The Indian Claims Commission Act of 1946 was passed by Congress to pay a monetary award to any Indian nation whose lands were wrongfully taken by the United States. Western Shoshone lands were never taken by the United States. This is why our lands and land rights should never have been made part the Indian Claims Commission process to begin with. The Indian Claims Commission found no specific historical evidence that the Western Shoshone lands were taken by the United States or others after the 1863 Treaty of Ruby Valley. Besides, by the terms of the Northwest Ordinance and the Nevada territorial act, Congress forbade such a taking of Western Shoshone lands. This is an issue that neither the Indian Claims Commission nor the Supreme Court ever addressed.
Also, according to the Indian Claims Commission Act, the Commission was required by law to file a final report to Congress as mandated. This was part of finalizing each Indian nation's claim against the United States. However, the Indian Claims Commission did not submit a final report to Congress in the Western Shoshone case, because the case was still ongoing on appeal before the Court of Claims at the time that the Indian Claims Commission went out of existence in 1978.
The Supreme Court decision in U.S. v. Dann rests on an assumption that the United States, acting as trustee for the Western Shoshone, was able to pay itself for Western Shoshone lands, and that this constitutes payment to the Western Shoshone for their lands. The Supreme Court certified the fiction as a reality. The Supreme Court never ruled on title to Western Shoshone lands.

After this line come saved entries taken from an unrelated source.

lemma is_arg_min_prox:
  assumes "compact T" "T \<noteq> {}" "continuous_on T f"
  shows "is_arg_min (\<lambda>y. f y + sqdist_on I y a) (\<lambda>y. y \<in> T) (prox I T f a)"
proof -
  have "continuous_on T (\<lambda>y. f y + sqdist_on I y a)"
    by (intro continuous_intros assms(3))
  then obtain y where "y \<in> T" "\<forall>z\<in>T. f y + sqdist_on I y a \<le> f z + sqdist_on I z a"
    using continuous_attains_inf[OF assms(1,2)] by blast
  then have "is_arg_min (\<lambda>y. f y + sqdist_on I y a) (\<lambda>y. y \<in> T) y"
    by (simp add: is_arg_min_linorder)
  then show ?thesis
    unfolding prox_def arg_min_on_def arg_min_def
    by (rule someI[of "is_arg_min (\<lambda>y. f y + sqdist_on I y a) (\<lambda>y. y \<in> T)"])
qed

lemma is_arg_min_prox_unique:
  assumes "finite I" "fconvex T" "T \<subseteq> supported_on I" "fconvex_on T f"
    and y1: "is_arg_min (\<lambda>y. f y + sqdist_on I y a) (\<lambda>y. y \<in> T) y1"
    and y2: "is_arg_min (\<lambda>y. f y + sqdist_on I y a) (\<lambda>y. y \<in> T) y2"
  shows "y1 = y2"
proof (rule ccontr)
  assume "y1 \<noteq> y2"
  have T: "y1 \<in> T" "y2 \<in> T" using y1 y2 by (auto simp: is_arg_min_def)
  define m where "m = mix (1/2) y1 y2"
  have "m \<in> T" unfolding m_def by (rule fconvexD[OF assms(2) T]) auto
  have "4 * sqdist_on I m a = 2 * (sqdist_on I y1 a + sqdist_on I y2 a) - sqdist_on I y1 y2"
    unfolding m_def by (rule sqdist_on_mix_half)
  moreover have "f m \<le> (f y1 + f y2) / 2"
    using fconvex_onD[OF assms(4) T, of "1/2"] by (simp add: m_def)
  moreover have "0 < sqdist_on I y1 y2"
    using T assms(1,3) \<open>y1 \<noteq> y2\<close> by (intro sqdist_on_pos) auto
  moreover have "f y1 + sqdist_on I y1 a \<le> f m + sqdist_on I m a"
    "f y2 + sqdist_on I y2 a \<le> f m + sqdist_on I m a"
    using y1 y2 \<open>m \<in> T\<close> by (auto simp: is_arg_min_linorder)
  ultimately show False by argo
qed

lemma continuous_on_prox:
  assumes I: "finite I" and T: "compact T" "fconvex T" "T \<subseteq> supported_on I" "T \<noteq> {}"
    and F: "continuous_on (S \<times> T) (\<lambda>z. F (fst z) (snd z))" "\<And>x. x \<in> S \<Longrightarrow> fconvex_on T (F x)"
    and a: "continuous_on S a"
  shows "continuous_on S (\<lambda>x. prox I T (F x) (a x))"
proof -
  have F_cont: "continuous_on T (F x)" if "x \<in> S" for x
  proof -
    have "continuous_on T (\<lambda>y. (x, y))" by (intro continuous_intros)
    moreover have "(\<lambda>y. (x, y)) ` T \<subseteq> S \<times> T" using that by blast
    ultimately show ?thesis using continuous_on_compose2[OF F(1)] by fastforce
  qed
  let ?G = "\<lambda>x y. F x y + sqdist_on I y (a x)"
  have argmin: "is_arg_min (?G x) (\<lambda>y. y \<in> T) (prox I T (F x) (a x))" if "x \<in> S" for x
    using is_arg_min_prox[OF T(1,4) F_cont[OF that]] .
  show ?thesis
  proof (rule continuous_on_unique_argmin[OF T(1), where F = ?G])
    have "continuous_on (S \<times> T) (\<lambda>z. a (fst z))"
      by (rule continuous_on_compose2[OF a continuous_on_fst[OF continuous_on_id]]) auto
    then show "continuous_on (S \<times> T) (\<lambda>z. ?G (fst z) (snd z))"
      by (intro continuous_on_add F(1) continuous_on_sqdist_on continuous_on_snd continuous_on_id)
    fix x assume x: "x \<in> S"
    show "prox I T (F x) (a x) \<in> T" "\<And>z. z \<in> T \<Longrightarrow> ?G x (prox I T (F x) (a x)) \<le> ?G x z"
      using argmin[OF x] by (auto simp: is_arg_min_linorder)
    show "y = prox I T (F x) (a x)" if "y \<in> T" "\<forall>z\<in>T. ?G x y \<le> ?G x z" for y
    proof (rule is_arg_min_prox_unique[OF I T(2,3) F(2)[OF x]])
      show "is_arg_min (?G x) (\<lambda>y. y \<in> T) y" using that by (simp add: is_arg_min_linorder)
    qed (rule argmin[OF x])
  qed
qed

lemma is_arg_min_prox_center_imp_min:
  assumes T: "fconvex T" and f: "fconvex_on T f"
    and a: "is_arg_min (\<lambda>y. f y + sqdist_on I y a) (\<lambda>y. y \<in> T) a" and y: "y \<in> T"
  shows "f a \<le> f y"
proof -
  have aT: "a \<in> T" using a by (simp add: is_arg_min_def)
  define Q where "Q = sqdist_on I y a"
  have Q: "0 \<le> Q" by (simp add: Q_def sqdist_on_nonneg)
  have le_t: "f a - f y \<le> t * Q" if t: "0 < t" "t \<le> 1" for t
  proof -
    have "mix t y a \<in> T" using fconvexD[OF T y aT] t by simp
    then have "f a + sqdist_on I a a \<le> f (mix t y a) + sqdist_on I (mix t y a) a"
      using a unfolding is_arg_min_linorder by blast
    then have "f a \<le> f (mix t y a) + t\<^sup>2 * Q"
      by (simp add: sqdist_on_mix_left Q_def)
    also have "\<dots> \<le> t * f y + (1 - t) * f a + t\<^sup>2 * Q"
      using fconvex_onD[OF f y aT] t by simp
    finally have "t * (f a - f y) \<le> t * (t * Q)"
      by (simp add: algebra_simps power2_eq_square)
    then show ?thesis using t by simp
  qed
  have "f a - f y \<le> e" if e: "0 < e" for e
  proof -
    define t where "t = min 1 (e / (Q + 1))"
    have t: "0 < t" "t \<le> 1" using Q e by (simp_all add: t_def)
    have "t * Q \<le> e / (Q + 1) * Q" using Q by (intro mult_right_mono) (auto simp: t_def)
    also have "\<dots> \<le> e" using Q e by (simp add: field_simps)
    finally show ?thesis using le_t[OF t] by linarith
  qed
  then show ?thesis using field_le_epsilon[of "f a - f y" 0] by simp
qed
lemma norm11_scalar_matrix: "norm11 (scalar_matrix c :: 'k::finite \<Rightarrow> 'k \<Rightarrow> real) = \<bar>c\<bar>"
proof -
  have "range (\<lambda>k::'k. \<Sum>j\<in>UNIV. \<bar>scalar_matrix c j k\<bar>) = {\<bar>c\<bar>}"
    by (auto simp: scalar_matrix_def if_distrib cong: if_cong)
  then show ?thesis unfolding norm11_def by simp
qed

lemma relu_lipschitz: "\<bar>relu a - relu b\<bar> \<le> \<bar>a - b\<bar>"
  unfolding relu_def by auto

lemma relu_nonneg_id: "x \<ge> 0 \<Longrightarrow> relu x = x"
  unfolding relu_def by simp

lemma gnn_layer_scalar_matrix_1_0:
  "gnn_layer E (scalar_matrix 1) (scalar_matrix 0) H = (\<lambda>i k. relu (H i k))"
  unfolding gnn_layer_def scalar_matrix_def by (simp add: fun_eq_iff if_distrib cong: if_cong)

lemma gnn_replicate_scalar_matrix_1_0:
  "gnn E (replicate L (scalar_matrix 1, scalar_matrix 0)) H
     = (if L = 0 then H else (\<lambda>i k. relu (H i k)))"
proof (induction L arbitrary: H)
  case 0
  then show ?case by simp
next
  case (Suc L)
  have "relu (relu x) = relu x" for x
    unfolding relu_def by simp
  with Suc.IH show ?case
    by (simp add: gnn_layer_scalar_matrix_1_0)
qed

lemma gT_scalar_matrix:
  fixes S T :: "'v::finite set"
  shows "gT E Ws (scalar_matrix a) (scalar_matrix b) S T Y k
     = relu (a / real (card (UNIV :: 'v set)) * (\<Sum>i\<in>T. gnn E Ws Y i k)
           + b / real (card (UNIV :: 'v set)) * (\<Sum>i\<in>S. gnn E Ws Y i k))"
  unfolding gT_def patch_rep_def scalar_matrix_def
  by (simp add: if_distrib mult.commute cong: if_cong)

lemma readout_change_le:
  fixes G :: "('v::finite \<Rightarrow> 'k::finite \<Rightarrow> real) \<Rightarrow> 'v \<Rightarrow> 'k \<Rightarrow> real"
  assumes F: "\<And>Y k. F Y k = relu (cA * (\<Sum>i\<in>A. G Y i k) + cB * (\<Sum>i\<in>B. G Y i k))"
    and G_lipschitz: "\<And>Y Y' i k. \<bar>G Y i k - G Y' i k\<bar> \<le> \<bar>Y i k - Y' i k\<bar>"
    and disj: "A \<inter> B = {}" and cA: "cA \<ge> 0"
    and \<alpha>: "\<alpha> \<in> perturbations eps A"
  shows "l1norm (\<lambda>k. F (\<lambda>i j. X i j + \<alpha> i j) k - F X k)
           \<le> real (card (UNIV :: 'k set)) * (cA * real (card A) * eps)"
proof -
  let ?Y = "\<lambda>i j. X i j + \<alpha> i j"
  have G_change: "\<bar>G ?Y i k - G X i k\<bar> \<le> \<bar>\<alpha> i k\<bar>" for i k
    using G_lipschitz[where Y = ?Y and Y' = X] by simp
  have \<alpha>_A: "\<bar>\<alpha> i k\<bar> \<le> eps" if "i \<in> A" for i k
    using \<alpha> that unfolding perturbations_def by auto
  have \<alpha>_B: "\<alpha> i k = 0" if "i \<in> B" for i k
    using \<alpha> that disj unfolding perturbations_def by auto
  have coordinate: "\<bar>F ?Y k - F X k\<bar> \<le> cA * real (card A) * eps" for k
  proof -
    have B_unchanged: "(\<Sum>i\<in>B. G ?Y i k) = (\<Sum>i\<in>B. G X i k)"
    proof (rule sum.cong)
      show "G ?Y i k = G X i k" if "i \<in> B" for i
        using G_change[of i k] \<alpha>_B[OF that] by simp
    qed simp
    have "\<bar>F ?Y k - F X k\<bar> \<le> \<bar>(cA * (\<Sum>i\<in>A. G ?Y i k) + cB * (\<Sum>i\<in>B. G X i k))
        - (cA * (\<Sum>i\<in>A. G X i k) + cB * (\<Sum>i\<in>B. G X i k))\<bar>"
      unfolding F B_unchanged by (rule relu_lipschitz)
    also have "\<dots> = \<bar>cA * (\<Sum>i\<in>A. G ?Y i k - G X i k)\<bar>"
      by (simp add: sum_subtractf algebra_simps)
    also have "\<dots> \<le> cA * (\<Sum>i\<in>A. \<bar>G ?Y i k - G X i k\<bar>)"
      using cA by (simp add: abs_mult mult_left_mono sum_abs)
    also have "\<dots> \<le> cA * (\<Sum>i\<in>A. eps)"
      using G_change \<alpha>_A order_trans cA by (intro mult_left_mono sum_mono) blast+
    finally show ?thesis
      by (simp add: ac_simps)
  qed
  show ?thesis
    unfolding l1norm_def using sum_mono[of UNIV, OF coordinate] by simp
qed

lemma readout_change_uniform:
  fixes G :: "('v::finite \<Rightarrow> 'k::finite \<Rightarrow> real) \<Rightarrow> 'v \<Rightarrow> 'k \<Rightarrow> real"
  assumes F: "\<And>Y k. F Y k = relu (cA * (\<Sum>i\<in>A. G Y i k) + cB * (\<Sum>i\<in>B. G Y i k))"
    and G_fixes_nonneg: "\<And>Y. (\<And>i j. Y i j \<ge> 0) \<Longrightarrow> G Y = Y"
    and disj: "A \<inter> B = {}" and cA: "cA \<ge> 0" and cB: "cB \<ge> 0"
    and X_nonneg: "\<And>i j. X i j \<ge> 0" and eps: "eps > 0"
  defines "\<alpha> \<equiv> \<lambda>i j. if i \<in> A then eps else 0"
  shows "l1norm (\<lambda>k. F (\<lambda>i j. X i j + \<alpha> i j) k - F X k)
           = real (card (UNIV :: 'k set)) * (cA * real (card A) * eps)"
proof -
  let ?Y = "\<lambda>i j. X i j + \<alpha> i j"
  have Y_nonneg: "?Y i j \<ge> 0" for i j
    using X_nonneg[of i j] eps by (simp add: \<alpha>_def)
  have sums_nonneg: "(\<Sum>i\<in>A. X i k) \<ge> 0" "(\<Sum>i\<in>B. X i k) \<ge> 0" for k
    by (simp_all add: X_nonneg sum_nonneg)
  have sum_A: "(\<Sum>i\<in>A. ?Y i k) = (\<Sum>i\<in>A. X i k) + real (card A) * eps" for k
    by (simp add: sum.distrib \<alpha>_def)
  have sum_B: "(\<Sum>i\<in>B. ?Y i k) = (\<Sum>i\<in>B. X i k)" for k
    using disj by (intro sum.cong) (auto simp: \<alpha>_def)
  have "F ?Y k - F X k = cA * real (card A) * eps" for k
    using sums_nonneg[of k] cA cB eps
    unfolding F G_fixes_nonneg[OF Y_nonneg] G_fixes_nonneg[OF X_nonneg] sum_A sum_B
    by (simp add: relu_nonneg_id algebra_simps)
  then show ?thesis
    unfolding l1norm_def using cA eps by simp
qed

lemma readout_sensitivity:
  fixes G :: "('v::finite \<Rightarrow> 'k::finite \<Rightarrow> real) \<Rightarrow> 'v \<Rightarrow> 'k \<Rightarrow> real"
  assumes F: "\<And>Y k. F Y k = relu (cA * (\<Sum>i\<in>A. G Y i k) + cB * (\<Sum>i\<in>B. G Y i k))"
    and G_lipschitz: "\<And>Y Y' i k. \<bar>G Y i k - G Y' i k\<bar> \<le> \<bar>Y i k - Y' i k\<bar>"
    and G_fixes_nonneg: "\<And>Y. (\<And>i j. Y i j \<ge> 0) \<Longrightarrow> G Y = Y"
    and disj: "A \<inter> B = {}" and cA: "cA \<ge> 0" and cB: "cB \<ge> 0"
    and X_nonneg: "\<And>i j. X i j \<ge> 0" and eps: "eps > 0"
  shows "(SUP \<alpha>\<in>perturbations eps A. l1norm (\<lambda>k. F (\<lambda>i j. X i j + \<alpha> i j) k - F X k))
           = real (card (UNIV :: 'k set)) * (cA * real (card A) * eps)"
proof (rule cSup_eq_maximum)
  let ?\<alpha> = "\<lambda>i (j::'k). if i \<in> A then eps else 0"
  have "?\<alpha> \<in> perturbations eps A"
    using eps unfolding perturbations_def by auto
  then show "real (card (UNIV :: 'k set)) * (cA * real (card A) * eps)
      \<in> (\<lambda>\<alpha>. l1norm (\<lambda>k. F (\<lambda>i j. X i j + \<alpha> i j) k - F X k)) ` perturbations eps A"
    using readout_change_uniform[OF F G_fixes_nonneg disj cA cB X_nonneg eps]
    by (intro image_eqI[of _ _ ?\<alpha>]) simp_all
qed (use readout_change_le[where F = F and G = G, OF F G_lipschitz disj cA] in blast)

In conclusion, I want to state that we the Western Shoshone are still the original and rightful owners of our national lands as described in Article Five of the Western Shoshone Treaty of Ruby Valley. I bring this up so that you might understand where we are coming from. Based upon what I have mentioned, most of the land in Nevada has been under assault by coal plants, gas, oil, mining, drillers and other people whose actions are drying out our cold and hot springs, and our vast underground aquifers, and destroying our mountains, plants, food and water. As I've mentioned, we have been in a very long struggle to have our rights recognized and stop dirty energy projects and other projects and destructions which violate our spiritual ways and teachings.
We are pleased that the Nevada Clean Energy Campaign coalition has been formed, and we will work with the concerned citizens. We Western Shoshones need the help of all the people out there to get this job done, to respect and protect our land, air, water and sun for the generations to come in order to bring this country back to the pristine land it once was and that our ancestors experienced. We also need to stop Yucca Mountain, which is in the Western Shoshone territory, from being used as a nuclear waste repository.
I'm hoping that the presidential candidates will hear my voice and the voices of the indigenous peoples and others who are concerned about this country, and the North American continent. According to the U.S. Constitution, the Treaty of Ruby Valley is, like all other treaties made under the authority of the Constitution, the ''Supreme Law of the Land.'' Every U.S. president swears to protect and defend the Constitution by upholding the rule of law, and, from a Western Shoshone point of view, this includes upholding the Treaty of Ruby Valley.
I wish you all a blessed life.
Mary McCloud, Western Shoshone, is an advisory board member of the Western Shoshone Defense Project.